Michael Giberson
The High Country News reports that Portland General Electric is considering shutting down its Boardman, OR, coal-fired power plant, with costs of Clean Air Act compliance cited as the cause. However, another option under consideration is conversion of the plant to biomass, more specifically converted to use a torrefied Asian cane that would be grown specifically to fuel the plant.
But it’ll take years of study to determine if that would work, plus at least $600 million to convert the plant, install additional pollution controls, and build a torrefaction facility. To reduce transport costs, PGE also would need to grow as much as 100,000 acres’ worth of cane on arable land within 50 miles of the plant. “It’s a giant experiment,” says Jaisen Mody, PGE’s general manager of generation projects, “with a lot of challenges.”
Logistical and financial challenges have long plagued biomass power plants, regardless of fuel source. The industry peaked in the mid-’90s; since then, it’s been hampered by supply difficulties, deregulation and the relatively low cost of fossil fuels. This summer, plans for a $500 million, 107-megawatt hybrid solar thermal and biomass plant in Fresno County, Calif., were scrapped; developers blamed project economics and an inadequate local biomass supply. An $8 million plant built in 2007 to power a Nevada prison with forest waste was shut down in September, after running into wood-supply problems and local clean-air standards more stringent than the federal government’s. Still, “if the world puts a price on carbon,” says Lee Rybeck Lynd, biomass expert and professor of engineering at Dartmouth College, “we’ll see better economics and greater activity in biomass.”
That raises a more fundamental question: Just how green is biomass?
The article continues with a discussion of the “how green is biomass” question. Worth contemplation if you are interested in renewable power.
An assessment of “The Environmental Impact of Biofuels,” to be published in the Annual Review of Ecology, Evolution, and Systematics concluded:
Biofuels are the most land-intensive form of energy production. The land requirements for biofuels have potential negative consequences for biodiversity and GHG emissions by causing, either directly or indirectly, the conversion of natural ecosystems to cropland. Although the magnitudes of these effects are poorly constrained, we can identify strategies to mitigate these effects. Development that follows the mitigation hierarchy can dramatically improve outcomes for biodiversity. The mitigation hierarchy follows these steps for development: (a) avoid sensitive areas, (b) minimize impacts through best practices, (c) restore areas after use, and (d ) fund compensatory offsite mitigation. In the case of conversion to biofuel crops, avoiding sensitive areas is perhaps the most important and complex of these steps. [Citations omitted.]
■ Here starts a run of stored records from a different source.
(* Let $d\ge 2$, let $\pi$ be a permutation of $\{0,1,\dots,d-1\}$ with $\pi(0)=0$, and let $a^{(0)},\dots,a^{(d-1)}$ be positive semidefinite complex $d\times d$ matrices with $\mathrm{Tr}\big(a^{(0)}+\dots+a^{(d-1)}\big)=1$. Let $$\rho_\pi=\sum_{\alpha=0}^{d-1}\sum_{i,j=0}^{d-1} a^{(\alpha)}_{ij}\, e_{ij}\otimes e_{\pi(i)+\alpha,\ \pi(j)+\alpha},$$ which is a state on $\mathbb{C}^d\otimes\mathbb{C}^d$, and define $d\times d$ matrices $\widetilde a^{(\gamma)}$, $\gamma=0,\dots,d-1$, by $\widetilde a^{(\gamma)}_{ij}=a^{(\gamma-\pi(i)-\pi(j))}_{ij}$ (superscript mod $d$). Then $\rho_\pi$ is PPT if and only if $\widetilde a^{(\gamma)}\ge 0$ for every $\gamma=0,\dots,d-1$.
   Context: $\{e_0,\dots,e_{d-1}\}$ is the computational basis of $\mathbb{C}^d$, $e_{ij}=|e_i\rangle\langle e_j|$, and all indices of basis vectors are taken mod $d$. For an operator $\rho$ on $\mathbb{C}^d\otimes\mathbb{C}^d$, $\rho^\tau=(\mathrm{id}\otimes\tau)\rho$ denotes the partial transposition with respect to the second factor, where $\tau$ is transposition in the computational basis, i.e. $(\mathrm{id}\otimes\tau)(A\otimes B)=A\otimes B^{T}$. A state $\rho$ is called PPT if $\rho^\tau\ge 0$. *)

theory Defs
  imports "HOL-Analysis.Analysis" "HOL-Combinatorics.Permutations"
begin

text \<open>Matrices are functions from (row, column) indices to complex numbers;
  a d x d matrix uses indices in {..<d}, an operator on C^d (x) C^d uses
  pairs of indices in {..<d} x {..<d}: row (i,k), column (j,l).\<close>

definition psd_on :: "'i set \<Rightarrow> ('i \<Rightarrow> 'i \<Rightarrow> complex) \<Rightarrow> bool" where
  "psd_on I A \<longleftrightarrow>
     (\<forall>p\<in>I. \<forall>q\<in>I. A q p = cnj (A p q)) \<and>
     (\<forall>x :: 'i \<Rightarrow> complex.
        (\<Sum>p\<in>I. \<Sum>q\<in>I. cnj (x p) * A p q * x q) \<in> \<real> \<and>
        0 \<le> Re (\<Sum>p\<in>I. \<Sum>q\<in>I. cnj (x p) * A p q * x q))"

definition eunit :: "nat \<Rightarrow> nat \<Rightarrow> nat \<Rightarrow> nat \<Rightarrow> nat \<Rightarrow> complex" where
  "eunit d i j = (\<lambda>r s. if r = i mod d \<and> s = j mod d then 1 else 0)"

definition tensor :: "(nat \<Rightarrow> nat \<Rightarrow> complex) \<Rightarrow> (nat \<Rightarrow> nat \<Rightarrow> complex)
    \<Rightarrow> (nat \<times> nat) \<Rightarrow> (nat \<times> nat) \<Rightarrow> complex" where
  "tensor A B = (\<lambda>(r, k) (s, l). A r s * B k l)"

definition ptrans :: "((nat \<times> nat) \<Rightarrow> (nat \<times> nat) \<Rightarrow> complex)
    \<Rightarrow> (nat \<times> nat) \<Rightarrow> (nat \<times> nat) \<Rightarrow> complex" where
  "ptrans \<rho> = (\<lambda>(r, k) (s, l). \<rho> (r, l) (s, k))"

definition rho_pi :: "nat \<Rightarrow> (nat \<Rightarrow> nat) \<Rightarrow> (nat \<Rightarrow> nat \<Rightarrow> nat \<Rightarrow> complex)
    \<Rightarrow> (nat \<times> nat) \<Rightarrow> (nat \<times> nat) \<Rightarrow> complex" where
  "rho_pi d \<pi> a = (\<lambda>p q. \<Sum>\<alpha><d. \<Sum>i<d. \<Sum>j<d.
      a \<alpha> i j * tensor (eunit d i j) (eunit d (\<pi> i + \<alpha>) (\<pi> j + \<alpha>)) p q)"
Since the PG&E proposal would convert existing crop land (given the area, wheat is likely the displaced crop) to biomass plants, it avoids direct conversion of undeveloped lands to agricultural use. On the other hand, unless abandoned or marginal crop land it used then at the margin either some other farm land must be added to replace the lost production or food costs will rise.
100,000 acres works out to a circle 14 miles in diameter–which should be centered on the power plant so everyone can assess its impact.